Capitão Antônio de Souza, que ouvia atentamente, ofereceu seu apoio. "Eu posso garantir que este Voto de União chegue às mãos dos oficiais da marinha que compartilham de nossos ideais. Podemos usá-los para transportar o documento de forma mais discreta e segura."
O Barão de Itapagipe, vendo a magnitude do plano e a necessidade de ação, decidiu se juntar. "Se este Voto de União for bem sucedido, poderá trazer alívio para o comércio e para o povo. Eu me comprometo a coletar assinaturas entre os mercadores e a garantir que o documento chegue às mãos certas."

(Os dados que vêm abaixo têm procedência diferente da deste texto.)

lemma emeasure_bvn_uminus:
  assumes "A \<in> sets borel"
  shows "emeasure (bvn sx sy r) (uminus -` A) = emeasure (bvn sx sy r) A"
proof -
  have "uminus -` A \<in> sets borel"
    using measurable_sets_borel[OF borel_measurable_uminus[OF measurable_ident] assms]
    by simp
  then have "emeasure (bvn sx sy r) (uminus -` A)
      = (\<integral>\<^sup>+p. ennreal (bvn_pdf sx sy r p) * indicator A (- p) \<partial>lborel)"
    using assms by (simp add: emeasure_bvn indicator_def)
  also have "\<dots> = (\<integral>\<^sup>+p. ennreal (bvn_pdf sx sy r (- p)) * indicator A (- p) \<partial>lborel)"
    by (simp add: bvn_pdf_uminus)
  also have "\<dots> = (\<integral>\<^sup>+p. ennreal (bvn_pdf sx sy r p) * indicator A p \<partial>distr lborel borel uminus)"
    using assms by (subst nn_integral_distr) auto
  also have "\<dots> = emeasure (bvn sx sy r) A"
    using assms by (simp add: distr_lborel_uminus emeasure_bvn)
  finally show ?thesis .
qed

lemma measure_bvn_halfplanes_eq:
  "measure (bvn sx sy r) {p. inner d p < 0} = measure (bvn sx sy r) {p. inner d p > 0}"
proof -
  have "uminus -` {p. inner d p > 0} = {p. inner d p < (0::real)}"
    by auto
  moreover have "{p. inner d p > 0} \<in> sets borel"
    by (intro borel_open open_Collect_less continuous_intros)
  ultimately show ?thesis
    unfolding measure_def by (metis emeasure_bvn_uminus)
qed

A Viscondessa de Camamu, com sua habilidade diplomática, se ofereceu para disseminar a notícia entre as damas da alta sociedade, influenciando suas famílias a apoiar a causa. "A voz das mulheres também é poderosa, e muitas delas sentem o peso da opressão tanto quanto os homens."
D. Leonor assentiu, um sorriso de satisfação em seu rosto. A tempestade se aproximava, mas em meio à turbulência, a união de corações e mentes estava se fortalecendo. O Voto de União seria o seu manifesto, a sua declaração de princípios.
"Precisamos agir rapidamente," D. Leonor enfatizou. "A greve em Minas Gerais é o gatilho. Precisamos que o Voto de União chegue a Lisboa em um momento estratégico, talvez quando Ana Sofia estiver apresentando suas provas à Corte. A combinação de nossas ações, a pressão interna e a ação diplomática, pode ser a chave para forçar Pombal a recuar."
Ela olhou para cada um deles, seus olhos brilhando com determinação. "Este é um momento decisivo. Um momento em que o Brasil deve mostrar sua força, sua unidade e sua determinação em lutar por um futuro mais justo. Que este Voto de União seja o símbolo de nossa resistência, o fio que nos conecta e nos impulsiona para a vitória."
Naquele dia, em Salvador, sob o céu ameaçador de uma tempestade iminente, o pacto de união foi selado. O Voto de União, um documento que representava a esperança e a determinação de um povo, estava prestes a ser levado ao Brasil e a Portugal, um farol de resistência em tempos sombrios. A tempestade se aproximava, mas a união de corações e mentes, alimentada pela coragem de homens e mulheres como Ana Sofia, Conde de Valença, Luiza, Pedro, Clara e D. Leonor, era uma força que nem mesmo o Marquês de Pombal poderia subestimar. O duelo dos nobres estava longe de terminar, e a batalha pela alma do Brasil estava apenas começando.